◆ **PROVIDED DATA**
text \<open>
  Suppose some direction \<open>x\<^sub>0 \<noteq> 0\<close> had \<open>f x\<^sub>0 \<le> c\<close> for all \<open>f \<in> R(T)\<close>. Starting from a pair
  \<open>(y\<^sub>1, f\<^sub>1) \<in> T\<close>, the pair \<open>(y\<^sub>1 + t x\<^sub>0, f\<^sub>1 + l h)\<close> is monotonically related to all of \<open>T\<close>
  for a suitable functional \<open>h\<close> with \<open>h x\<^sub>0 > 0\<close> and every large \<open>t\<close>, because the bounded
  domain keeps the error \<open>h (y\<^sub>1 - y)\<close> bounded. Maximality then puts \<open>y\<^sub>1 + t x\<^sub>0\<close> into the
  bounded set \<open>D(T)\<close>, which is absurd. So \<open>R(T)\<close> is unbounded above in every direction.

  A convex set \<open>C \<subseteq> X\<^sup>*\<close> with this property is weak-* dense: by induction over a finite
  independent set \<open>F\<close>, the image of \<open>{g \<in> C. g = f\<^sub>0 on F}\<close> under \<open>g \<mapsto> (g x, g y)\<close> is a
  convex subset of \<open>\<real>\<^sup>2\<close> unbounded in every direction, hence all of \<open>\<real>\<^sup>2\<close> by the separating
  hyperplane theorem, so elements of \<open>C\<close> interpolate \<open>f\<^sub>0\<close> on any finite set.
\<close>

lemma monotone_op_insert_shifted:
  fixes T :: "('a::real_normed_vector \<times> ('a \<Rightarrow>\<^sub>L real)) set"
  assumes mono: "monotone_op T" and y1: "(y1, f1) \<in> T"
    and bnd: "\<And>f. f \<in> ran_op T \<Longrightarrow> blinfun_apply f x0 \<le> c"
    and t: "t \<ge> 0"
    and shift: "\<And>y. y \<in> dom_op T \<Longrightarrow>
      t * (c - blinfun_apply f1 x0) \<le> l * blinfun_apply h (y1 + t *\<^sub>R x0 - y)"
  shows "monotone_op (insert (y1 + t *\<^sub>R x0, f1 + l *\<^sub>R h) T)"
proof -
  have new_pair: "0 \<le> blinfun_apply (f1 + l *\<^sub>R h - f) (y1 + t *\<^sub>R x0 - y)"
    if yf: "(y, f) \<in> T" for y f
  proof -
    have "0 \<le> blinfun_apply (f1 - f) (y1 - y)"
      using mono y1 yf unfolding monotone_op_def by blast
    moreover have "t * blinfun_apply f x0 \<le> t * c"
      using bnd[of f] yf t unfolding ran_op_def by (auto intro: mult_left_mono)
    moreover have "t * (c - blinfun_apply f1 x0) \<le> l * blinfun_apply h (y1 + t *\<^sub>R x0 - y)"
      using shift[of y] yf unfolding dom_op_def by blast
    moreover have "blinfun_apply (f1 + l *\<^sub>R h - f) (y1 + t *\<^sub>R x0 - y)
        = blinfun_apply (f1 - f) (y1 - y) + t * blinfun_apply f1 x0 - t * blinfun_apply f x0
          + l * blinfun_apply h (y1 + t *\<^sub>R x0 - y)"
      by (simp add: blinfun.bilinear_simps algebra_simps)
    ultimately show ?thesis
      by (simp add: algebra_simps)
  qed
  have "blinfun_apply (f - (f1 + l *\<^sub>R h)) (y - (y1 + t *\<^sub>R x0))
      = blinfun_apply (f1 + l *\<^sub>R h - f) (y1 + t *\<^sub>R x0 - y)" for y f
    by (simp add: blinfun.bilinear_simps algebra_simps)
  with mono new_pair show ?thesis
    unfolding monotone_op_def by auto
qed

lemma monotone_op_extends_far_along:
  fixes T :: "('a::real_normed_vector \<times> ('a \<Rightarrow>\<^sub>L real)) set"
  assumes mono: "monotone_op T" and y1: "(y1, f1) \<in> T"
    and M: "\<And>y. y \<in> dom_op T \<Longrightarrow> norm y \<le> M"
    and bnd: "\<And>f. f \<in> ran_op T \<Longrightarrow> blinfun_apply f x0 \<le> c"
  shows "\<exists>t\<ge>R. \<exists>g. monotone_op (insert (y1 + t *\<^sub>R x0, g) T)"
proof (cases "\<exists>f2\<in>ran_op T. blinfun_apply f2 x0 > blinfun_apply f1 x0")
  case False
  \<comment> \<open>\<open>f\<^sub>1\<close> maximises \<open>f x\<^sub>0\<close> over \<open>R(T)\<close>, so \<open>(y\<^sub>1 + t x\<^sub>0, f\<^sub>1)\<close> itself is related to \<open>T\<close>\<close>
  then have "monotone_op (insert (y1 + max R 0 *\<^sub>R x0, f1 + 0 *\<^sub>R 0) T)"
    by (intro monotone_op_insert_shifted[OF mono y1, where c = "blinfun_apply f1 x0"]) auto
  then show ?thesis
    by (intro exI[of _ "max R 0"]) auto
next
  case True
  then obtain f2 where f2: "f2 \<in> ran_op T" "blinfun_apply f2 x0 > blinfun_apply f1 x0"
    by blast
  define h where "h = f2 - f1"
  define eta where "eta = blinfun_apply h x0"
  define d where "d = c - blinfun_apply f1 x0"
  define l where "l = 2 * d / eta"
  define t where "t = max (max R 0) (4 * norm h * M / eta)"
  have y1_dom: "y1 \<in> dom_op T" and f1_ran: "f1 \<in> ran_op T"
    using y1 unfolding dom_op_def ran_op_def by blast+
  have eta: "eta > 0"
    unfolding eta_def h_def using f2 by (simp add: blinfun.bilinear_simps)
  have d: "d \<ge> 0"
    unfolding d_def using bnd[OF f1_ran] by simp
  have t: "t \<ge> 0" "t \<ge> R"
    unfolding t_def by auto
  have "t * eta \<ge> 4 * norm h * M"
    using eta mult_right_mono[of "4 * norm h * M / eta" t eta] unfolding t_def by simp
  have "t * d \<le> l * blinfun_apply h (y1 + t *\<^sub>R x0 - y)" if y: "y \<in> dom_op T" for y
  proof -
    \<comment> \<open>the bounded domain keeps \<open>h (y\<^sub>1 - y)\<close> within \<open>2 \<parallel>h\<parallel> M \<le> t \<eta> / 2\<close>\<close>
    have "\<bar>blinfun_apply h (y1 - y)\<bar> \<le> norm h * norm (y1 - y)"
      using norm_blinfun[of h "y1 - y"] by simp
    also have "\<dots> \<le> norm h * (2 * M)"
      using M[OF y] M[OF y1_dom] norm_triangle_ineq4[of y1 y] by (intro mult_left_mono) auto
    finally have "blinfun_apply h (y1 + t *\<^sub>R x0 - y) \<ge> t * eta / 2"
      using \<open>t * eta \<ge> 4 * norm h * M\<close>
      by (simp add: eta_def blinfun.bilinear_simps algebra_simps)
    then have "l * (t * eta / 2) \<le> l * blinfun_apply h (y1 + t *\<^sub>R x0 - y)"
      using d eta unfolding l_def by (intro mult_left_mono) auto
    moreover have "l * (t * eta / 2) = t * d"
      unfolding l_def using eta by (simp add: field_simps)
    ultimately show ?thesis
      by linarith
  qed
  then have "monotone_op (insert (y1 + t *\<^sub>R x0, f1 + l *\<^sub>R h) T)"
    using monotone_op_insert_shifted[OF mono y1 bnd t(1)] unfolding d_def by blast
  with t(2) show ?thesis
    by blast
qed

◆ **WORK INSTRUCTIONS**
All the entries are to be reproduced verbatim.

◆ **WRITTEN RESPONSE**
text \<open>
  Suppose some direction \<open>x\<^sub>0 \<noteq> 0\<close> had \<open>f x\<^sub>0 \<le> c\<close> for all \<open>f \<in> R(T)\<close>. Starting from a pair
  \<open>(y\<^sub>1, f\<^sub>1) \<in> T\<close>, the pair \<open>(y\<^sub>1 + t x\<^sub>0, f\<^sub>1 + l h)\<close> is monotonically related to all of \<open>T\<close>
  for a suitable functional \<open>h\<close> with \<open>h x\<^sub>0 > 0\<close> and every large \<open>t\<close>, because the bounded
  domain keeps the error \<open>h (y\<^sub>1 - y)\<close> bounded. Maximality then puts \<open>y\<^sub>1 + t x\<^sub>0\<close> into the
  bounded set \<open>D(T)\<close>, which is absurd. So \<open>R(T)\<close> is unbounded above in every direction.

  A convex set \<open>C \<subseteq> X\<^sup>*\<close> with this property is weak-* dense: by induction over a finite
  independent set \<open>F\<close>, the image of \<open>{g \<in> C. g = f\<^sub>0 on F}\<close> under \<open>g \<mapsto> (g x, g y)\<close> is a
  convex subset of \<open>\<real>\<^sup>2\<close> unbounded in every direction, hence all of \<open>\<real>\<^sup>2\<close> by the separating
  hyperplane theorem, so elements of \<open>C\<close> interpolate \<open>f\<^sub>0\<close> on any finite set.
\<close>

lemma monotone_op_insert_shifted:
  fixes T :: "('a::real_normed_vector \<times> ('a \<Rightarrow>\<^sub>L real)) set"
  assumes mono: "monotone_op T" and y1: "(y1, f1) \<in> T"
    and bnd: "\<And>f. f \<in> ran_op T \<Longrightarrow> blinfun_apply f x0 \<le> c"
    and t: "t \<ge> 0"
    and shift: "\<And>y. y \<in> dom_op T \<Longrightarrow>
      t * (c - blinfun_apply f1 x0) \<le> l * blinfun_apply h (y1 + t *\<^sub>R x0 - y)"
  shows "monotone_op (insert (y1 + t *\<^sub>R x0, f1 + l *\<^sub>R h) T)"
proof -
  have new_pair: "0 \<le> blinfun_apply (f1 + l *\<^sub>R h - f) (y1 + t *\<^sub>R x0 - y)"
    if yf: "(y, f) \<in> T" for y f
  proof -
    have "0 \<le> blinfun_apply (f1 - f) (y1 - y)"
      using mono y1 yf unfolding monotone_op_def by blast
    moreover have "t * blinfun_apply f x0 \<le> t * c"
      using bnd[of f] yf t unfolding ran_op_def by (auto intro: mult_left_mono)
    moreover have "t * (c - blinfun_apply f1 x0) \<le> l * blinfun_apply h (y1 + t *\<^sub>R x0 - y)"
      using shift[of y] yf unfolding dom_op_def by blast
    moreover have "blinfun_apply (f1 + l *\<^sub>R h - f) (y1 + t *\<^sub>R x0 - y)
        = blinfun_apply (f1 - f) (y1 - y) + t * blinfun_apply f1 x0 - t * blinfun_apply f x0
          + l * blinfun_apply h (y1 + t *\<^sub>R x0 - y)"
      by (simp add: blinfun.bilinear_simps algebra_simps)
    ultimately show ?thesis
      by (simp add: algebra_simps)
  qed
  have "blinfun_apply (f - (f1 + l *\<^sub>R h)) (y - (y1 + t *\<^sub>R x0))
      = blinfun_apply (f1 + l *\<^sub>R h - f) (y1 + t *\<^sub>R x0 - y)" for y f
    by (simp add: blinfun.bilinear_simps algebra_simps)
  with mono new_pair show ?thesis
    unfolding monotone_op_def by auto
qed

lemma monotone_op_extends_far_along:
  fixes T :: "('a::real_normed_vector \<times> ('a \<Rightarrow>\<^sub>L real)) set"
  assumes mono: "monotone_op T" and y1: "(y1, f1) \<in> T"
    and M: "\<And>y. y \<in> dom_op T \<Longrightarrow> norm y \<le> M"
    and bnd: "\<And>f. f \<in> ran_op T \<Longrightarrow> blinfun_apply f x0 \<le> c"
  shows "\<exists>t\<ge>R. \<exists>g. monotone_op (insert (y1 + t *\<^sub>R x0, g) T)"
proof (cases "\<exists>f2\<in>ran_op T. blinfun_apply f2 x0 > blinfun_apply f1 x0")
  case False
  \<comment> \<open>\<open>f\<^sub>1\<close> maximises \<open>f x\<^sub>0\<close> over \<open>R(T)\<close>, so \<open>(y\<^sub>1 + t x\<^sub>0, f\<^sub>1)\<close> itself is related to \<open>T\<close>\<close>
  then have "monotone_op (insert (y1 + max R 0 *\<^sub>R x0, f1 + 0 *\<^sub>R 0) T)"
    by (intro monotone_op_insert_shifted[OF mono y1, where c = "blinfun_apply f1 x0"]) auto
  then show ?thesis
    by (intro exI[of _ "max R 0"]) auto
next
  case True
  then obtain f2 where f2: "f2 \<in> ran_op T" "blinfun_apply f2 x0 > blinfun_apply f1 x0"
    by blast
  define h where "h = f2 - f1"
  define eta where "eta = blinfun_apply h x0"
  define d where "d = c - blinfun_apply f1 x0"
  define l where "l = 2 * d / eta"
  define t where "t = max (max R 0) (4 * norm h * M / eta)"
  have y1_dom: "y1 \<in> dom_op T" and f1_ran: "f1 \<in> ran_op T"
    using y1 unfolding dom_op_def ran_op_def by blast+
  have eta: "eta > 0"
    unfolding eta_def h_def using f2 by (simp add: blinfun.bilinear_simps)
  have d: "d \<ge> 0"
    unfolding d_def using bnd[OF f1_ran] by simp
  have t: "t \<ge> 0" "t \<ge> R"
    unfolding t_def by auto
  have "t * eta \<ge> 4 * norm h * M"
    using eta mult_right_mono[of "4 * norm h * M / eta" t eta] unfolding t_def by simp
  have "t * d \<le> l * blinfun_apply h (y1 + t *\<^sub>R x0 - y)" if y: "y \<in> dom_op T" for y
  proof -
    \<comment> \<open>the bounded domain keeps \<open>h (y\<^sub>1 - y)\<close> within \<open>2 \<parallel>h\<parallel> M \<le> t \<eta> / 2\<close>\<close>
    have "\<bar>blinfun_apply h (y1 - y)\<bar> \<le> norm h * norm (y1 - y)"
      using norm_blinfun[of h "y1 - y"] by simp
    also have "\<dots> \<le> norm h * (2 * M)"
      using M[OF y] M[OF y1_dom] norm_triangle_ineq4[of y1 y] by (intro mult_left_mono) auto
    finally have "blinfun_apply h (y1 + t *\<^sub>R x0 - y) \<ge> t * eta / 2"
      using \<open>t * eta \<ge> 4 * norm h * M\<close>
      by (simp add: eta_def blinfun.bilinear_simps algebra_simps)
    then have "l * (t * eta / 2) \<le> l * blinfun_apply h (y1 + t *\<^sub>R x0 - y)"
      using d eta unfolding l_def by (intro mult_left_mono) auto
    moreover have "l * (t * eta / 2) = t * d"
      unfolding l_def using eta by (simp add: field_simps)
    ultimately show ?thesis
      by linarith
  qed
  then have "monotone_op (insert (y1 + t *\<^sub>R x0, f1 + l *\<^sub>R h) T)"
    using monotone_op_insert_shifted[OF mono y1 bnd t(1)] unfolding d_def by blast
  with t(2) show ?thesis
    by blast
qed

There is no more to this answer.